When it comes to traditional blue-chip dividend investing, income driven investors are looking for solid yields will regular (monthly, quarterly, etc.) dividend distributions. In the case of the two companies featured, there were three criteria I chose to use in my screen:
- Each Company Must Be Going Ex-Dividend On Oct. 4th
- Each Company Must Be Have A P/E Ratio Under 15
- Each Company Must Yield At Least 3.00%.
It should be noted that many income-based investors use a strategy involving purchasing shares on or before the company's ex-dividend date. On the ex-dividend date, the person who owns the security will be awarded the payment, regardless of who currently holds the stock. After the ex-date has been declared, the stock will usually drop in price by the amount of the expected dividend. I wanted to not only consider these companies from an ex-dividend perspective, but demonstrate how both companies also outpace their competition in terms of profit margin.
Eaton Corporation (NYSE:ETN), which closed trading on Wednesday at $46.64/share, will be going ex-dividend at the close of trading on Thursday, October 4. "The Cleveland, Ohio-based firm, which currently yields 3.20% ($1.52), operates as a diversified power management company worldwide. The company provides electrical components and systems for power quality, distribution, and control; hydraulics components, systems, and services for industrial and mobile equipment; aerospace fuel, hydraulics, and pneumatic systems for commercial and military use". (Profile: Yahoo! Finance)
In terms of ETN, there is one primary catalyst that potential income investors should find attractive and that is the company's profit margin when compared to some of its direct industry competitors. In the last 12 months, ETN has demonstrated a profit margin of 8.77%, whereas ITT Corp. (NYSE:ITT) has only managed to demonstrate a negative profit margin of -18.41%. Eaton Corp.'s profit margin is nearly 1.47 times that of ITT Corp.'s, which in my opinion is pretty impressive.
Campbell Soup Co. (NYSE:CPB), which closed trading on Wednesday at $35.36/share, will be going ex-dividend at the close of trading on Thursday, October 4. The Camden, New Jersey-based firm, "which currently yields 3.30% ($1.16), together with its subsidiaries, engages in the manufacture and marketing of branded convenience food products worldwide. The company offers condensed and ready-to-serve soups, broth and stocks, pasta and Mexican sauces, canned poultry, juices and beverages, and tomato juices, as well as canned gravies, pasta, and beans in the United States. It also provides cookies, crackers, and bakery and frozen products in the United States; biscuits in Australia and the Asia Pacific; soups, mayonnaise and cold sauces, broth and stocks, beverages, pasta sauce, Mexican sauce, and farm products in Europe, Latin America, the Asia Pacific, and Canada". (Profile: Yahoo! Finance)

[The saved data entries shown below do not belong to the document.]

(* Let $k\ge1$, $d>0$, and let $\gamma_1>0$, $\gamma_2,\ldots,\gamma_k\ge 0$. Let $x_1,\ldots,x_k$ be i.i.d. real standard Gaussian random variables, put $a_i=\sqrt{\gamma_i}$, $\gamma_{[l]}=\sum_{i=1}^l\gamma_i$ and $v_{[l]}=\frac{1}{\sqrt{\gamma_{[l]}}}\sum_{i=1}^l a_i x_i$ for $l=1,\ldots,k$. Define $P_k(d)=\Pr\{\tfrac12\sqrt{\gamma_{[k]}}\,d<v_{[k]}\}$ and $P_{1:k}(d)=\Pr\{\tfrac12\sqrt{\gamma_{[l]}}\,d<v_{[l]}\ \text{for all } l=1,\ldots,k\}$. Then $$\frac{1}{2^{k-1}}P_k(d)\le P_{1:k}(d)\le P_k(d).$$
   Context: Here $P_k(d)$ is the pairwise error probability after $k$ rounds of Chase-combining HARQ for two codewords at Euclidean distance $d$, and $P_{1:k}(d)$ the probability that the same pairwise error occurs in all rounds $1,\ldots,k$; $\gamma_l$ is the SNR of round $l$ and $v_{[l]}$ is the (unit-variance Gaussian) projected effective noise after maximum-ratio combining of the first $l$ rounds. *)

theory Defs
  imports "HOL-Probability.Probability"
begin

definition gamma_acc :: "(nat \<Rightarrow> real) \<Rightarrow> nat \<Rightarrow> real" where
  "gamma_acc \<gamma> l = (\<Sum>i=1..l. \<gamma> i)"

definition v_noise :: "(nat \<Rightarrow> real) \<Rightarrow> (nat \<Rightarrow> 'a \<Rightarrow> real) \<Rightarrow> nat \<Rightarrow> 'a \<Rightarrow> real" where
  "v_noise \<gamma> X l \<omega> = (1 / sqrt (gamma_acc \<gamma> l)) * (\<Sum>i=1..l. sqrt (\<gamma> i) * X i \<omega>)"

definition P_k :: "'a measure \<Rightarrow> (nat \<Rightarrow> real) \<Rightarrow> (nat \<Rightarrow> 'a \<Rightarrow> real) \<Rightarrow> nat \<Rightarrow> real \<Rightarrow> real" where
  "P_k M \<gamma> X k d = measure M {\<omega> \<in> space M. 1/2 * sqrt (gamma_acc \<gamma> k) * d < v_noise \<gamma> X k \<omega>}"

definition P_1k :: "'a measure \<Rightarrow> (nat \<Rightarrow> real) \<Rightarrow> (nat \<Rightarrow> 'a \<Rightarrow> real) \<Rightarrow> nat \<Rightarrow> real \<Rightarrow> real" where
  "P_1k M \<gamma> X k d = measure M {\<omega> \<in> space M. \<forall>l\<in>{1..k}. 1/2 * sqrt (gamma_acc \<gamma> l) * d < v_noise \<gamma> X l \<omega>}"

end

theory Submission
  imports Defs
begin
(* Let $\rho$ be a probability measure on subgraphs $G$ of $\mathbb Z^2$ invariant under translations (or a joint law of a subgraph $G$ and interactions $w\in\mathbb R^{E(\mathbb Z^2)}$ invariant under the diagonal action of translations), such that almost surely every vertex of $G$ is contained in only finitely many simple cycles of $G$. Then there exists a random subgraph $F$, jointly distributed with $G$ (and $w$), such that the marginal law of $G$ (resp. $(G,w)$) is $\rho$, the joint law of $(G,F)$ (resp. $(G,w,F)$) is translation invariant, and almost surely $F$ is a spanning forest of $G$ whose connected components are exactly the connected components of $G$ (i.e. $F\subseteq G$, $F$ has no cycles, and two vertices are connected in $F$ iff they are connected in $G$).
   Context: $\mathbb Z^2$ is the square lattice graph; translations of $\mathbb Z^2$ act on subgraphs and on edge-indexed interactions. A cycle is a closed path; it is simple if it has no self-intersections. *)

theory Defs
  imports "HOL-Probability.Probability"
begin

type_synonym vtx = "int \<times> int"

text \<open>Edges of Z^2 are indexed bijectively by (base vertex, direction):
  (x, False) is the horizontal edge {x, x+(1,0)}, (x, True) the vertical edge {x, x+(0,1)}.\<close>
type_synonym edge = "vtx \<times> bool"

definition ends :: "edge \<Rightarrow> vtx set" where
  "ends e = (case e of (x, d) \<Rightarrow>
     {x, if d then (fst x, snd x + 1) else (fst x + 1, snd x)})"

definition shift_v :: "vtx \<Rightarrow> vtx \<Rightarrow> vtx" where
  "shift_v a x = (fst x + fst a, snd x + snd a)"

definition shift_e :: "vtx \<Rightarrow> edge \<Rightarrow> edge" where
  "shift_e a e = (shift_v a (fst e), snd e)"

definition shift_cfg :: "vtx \<Rightarrow> (edge \<Rightarrow> 'b) \<Rightarrow> edge \<Rightarrow> 'b" where
  "shift_cfg a g = (\<lambda>e. g (shift_e (- fst a, - snd a) e))"

definition Mcfg :: "(edge \<Rightarrow> bool) measure" where
  "Mcfg = Pi\<^sub>M UNIV (\<lambda>_. count_space UNIV)"

definition Mw :: "(edge \<Rightarrow> real) measure" where
  "Mw = Pi\<^sub>M UNIV (\<lambda>_. borel)"

definition gstep :: "(edge \<Rightarrow> bool) \<Rightarrow> vtx \<Rightarrow> vtx \<Rightarrow> bool" where
  "gstep H u v \<longleftrightarrow> (\<exists>e. H e \<and> ends e = {u, v})"

definition connected_in :: "(edge \<Rightarrow> bool) \<Rightarrow> vtx \<Rightarrow> vtx \<Rightarrow> bool" where
  "connected_in H u v \<longleftrightarrow> (gstep H)\<^sup>*\<^sup>* u v"

definition simple_cycle :: "(edge \<Rightarrow> bool) \<Rightarrow> edge set \<Rightarrow> bool" where
  "simple_cycle H C \<longleftrightarrow> (\<exists>vs. distinct vs \<and> length vs \<ge> 3 \<and>
     (\<forall>i < length vs. \<exists>e. ends e = {vs ! i, vs ! ((i + 1) mod length vs)}) \<and>
     C = {e. \<exists>i < length vs. ends e = {vs ! i, vs ! ((i + 1) mod length vs)}} \<and>
     (\<forall>e \<in> C. H e))"

definition finitely_many_cycles :: "(edge \<Rightarrow> bool) \<Rightarrow> bool" where
  "finitely_many_cycles G \<longleftrightarrow>
     (\<forall>v. finite {C. simple_cycle G C \<and> v \<in> \<Union>(ends ` C)})"

definition spanning_forest :: "(edge \<Rightarrow> bool) \<Rightarrow> (edge \<Rightarrow> bool) \<Rightarrow> bool" where
  "spanning_forest G F \<longleftrightarrow>
     (\<forall>e. F e \<longrightarrow> G e) \<and> \<not> (\<exists>C. simple_cycle F C) \<and>
     (\<forall>u v. connected_in F u v \<longleftrightarrow> connected_in G u v)"

end

theory Submission
  imports Defs
begin

text \<open>Order the edges of \<open>\<int>\<^sup>2\<close> lexicographically by base vertex and direction; this order is
  invariant under translations. Delete from \<open>G\<close> every edge that is the largest edge of some
  simple cycle of \<open>G\<close>. The result \<open>F\<close> (the free minimal spanning forest of \<open>G\<close> for that order)
  is a measurable, translation-equivariant function of \<open>G\<close>, so the law of \<open>(G, F)\<close>, resp.
  \<open>(G, w, F)\<close>, is an invariant coupling with first marginal \<open>\<rho>\<close>.

  \<open>F\<close> is acyclic, since the largest edge of a cycle of \<open>F\<close> would have been deleted. A deleted edge
  is the largest edge of a cycle, so its endpoints are joined by the other, smaller edges of that
  cycle. This descent terminates: the edges on cycles through a fixed vertex \<open>x\<close> form a finite
  set, and every edge of a cycle sharing an edge with a cycle through \<open>x\<close> again lies on a cycle
  through \<open>x\<close> (glue the cycles along an ear). A least edge, among those on cycles through \<open>x\<close>,
  whose endpoints are not connected in \<open>F\<close> would therefore contradict itself.\<close>

section \<open>Paths and cycles as vertex lists\<close>

text \<open>A cycle is represented by the list of its vertices; \<open>cycle_pairs\<close> also contains the closing
  pair \<open>{last vs, hd vs}\<close> (\<open>take 1 vs = [hd vs]\<close>). Working with vertex pairs rather than
  edges keeps the gluing arguments purely combinatorial.\<close>

fun path_pairs :: "'a list \<Rightarrow> 'a set set" where
  "path_pairs (x # y # zs) = insert {x, y} (path_pairs (y # zs))"
| "path_pairs _ = {}"

lemma path_pairs_join: "path_pairs (xs @ x # ys) = path_pairs (xs @ [x]) \<union> path_pairs (x # ys)"
  by (induction xs rule: path_pairs.induct) auto

lemma path_pairs_rev: "path_pairs (rev xs) = path_pairs xs"
proof (induction xs rule: path_pairs.induct)
  case (1 x y zs)
  have "path_pairs (rev (x # y # zs)) = path_pairs (rev (y # zs)) \<union> {{y, x}}"
    using path_pairs_join[of "rev zs" y "[x]"] by simp
  with 1 show ?case by (auto simp: insert_commute)
qed auto

lemma path_pairs_subset: "p \<in> path_pairs xs \<Longrightarrow> p \<subseteq> set xs"
  by (induction xs rule: path_pairs.induct) auto

lemma finite_path_pairs: "finite (path_pairs xs)"
  by (induction xs rule: path_pairs.induct) auto

lemma path_pairs_map: "path_pairs (map f xs) = image f ` path_pairs xs"
  by (induction xs rule: path_pairs.induct) auto

lemma path_pairs_conv_nth: "path_pairs xs = (\<lambda>i. {xs ! i, xs ! Suc i}) ` {..<length xs - 1}"
proof (induction xs rule: path_pairs.induct)
  case (1 x y zs)
  have "{..<length (x # y # zs) - 1} = insert 0 (Suc ` {..<length (y # zs) - 1})"
    using lessThan_Suc_eq_insert_0[of "length zs"] by simp
  then show ?case
    using 1 by (simp only: image_insert image_image) simp
qed auto
lemma ex1_choice_maximizer:
  assumes fin: "finite A" and "A \<noteq> {}"
  shows "\<exists>!p. p \<in> mixed_strats A \<and> (\<forall>q\<in>mixed_strats A.
    choice_objective (decomp_penalty \<theta> A) A y q \<le> choice_objective (decomp_penalty \<theta> A) A y p)"
proof -
  let ?F = "choice_objective (decomp_penalty \<theta> A) A y"
  obtain a0 where "a0 \<in> A" using assms by auto
  then have "(\<lambda>b. if b = a0 then 1 else 0) \<in> mixed_strats A"
    using fin by (auto simp: mixed_strats_def)
  moreover have "continuous_on (mixed_strats A) ?F"
    unfolding choice_objective_def decomp_penalty_def
  proof (intro continuous_intros)
    fix b
    show "continuous_on (mixed_strats A) (\<lambda>q. \<theta> (q b))"
      by (rule continuous_on_compose2[OF continuous, of _ "\<lambda>q. q b"])
        (auto intro: continuous_on_subset[OF continuous_on_product_coordinates]
          mixed_strats_range[OF _ fin])
  qed (auto intro: continuous_on_subset[OF continuous_on_product_coordinates])
  ultimately obtain p where p: "p \<in> mixed_strats A" "\<forall>q\<in>mixed_strats A. ?F q \<le> ?F p"
    using continuous_attains_sup[OF compact_mixed_strats[OF fin]] by blast
  have "q = p" if q: "q \<in> mixed_strats A" "\<forall>r\<in>mixed_strats A. ?F r \<le> ?F q" for q
  proof (rule ccontr)
    assume "q \<noteq> p"
    let ?r = "\<lambda>a. (p a + q a) / 2"
    have "(\<Sum>a\<in>A. y a * ?r a) = ((\<Sum>a\<in>A. y a * p a) + (\<Sum>a\<in>A. y a * q a)) / 2"
      by (simp add: sum_divide_distrib[symmetric] sum.distrib[symmetric] algebra_simps)
    with decomp_penalty_midpoint_less[OF fin p(1) q(1) \<open>q \<noteq> p\<close>[symmetric]]
    have "(?F p + ?F q) / 2 < ?F ?r" by (simp add: choice_objective_def field_simps)
    moreover have "?F p = ?F q" using p q by (meson order_antisym)
    ultimately show False using p mixed_strats_midpoint[OF p(1) q(1)] by auto
  qed
  with p show ?thesis by blast
qed

lemma choice_k_in_mixed_strats:
  "finite A \<Longrightarrow> A \<noteq> {} \<Longrightarrow> choice_k (decomp_penalty \<theta> A) A y \<in> mixed_strats A"
  by (rule choice_k_maximizer(1)[OF ex1_choice_maximizer])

When it comes to CPB, potential investors should consider the company's profit margin when compared to some of its industry competitors and how the company outpaces those competitors. In the last 12 months, CPB has demonstrated a profit margin of 10.04%, whereas H.J. Heinz Co. (NYSE:HNZ) has only managed to demonstrate a profit margin of 8.23%. Campbell Soup Company's profit margin is nearly 1.21 times that of H.J. Heinz, which in my opinion is pretty attractive.
Potential investors looking to establish a position in ETN or CPB should do so with a small to moderate position and add to that position as dividend announcements approach. Although the primary attraction comes in the form of the dividend yield for both companies, one of the more important secondary catalysts to consider is clearly the profit margins of each company over the last 12 months (and how it outpaces the competition).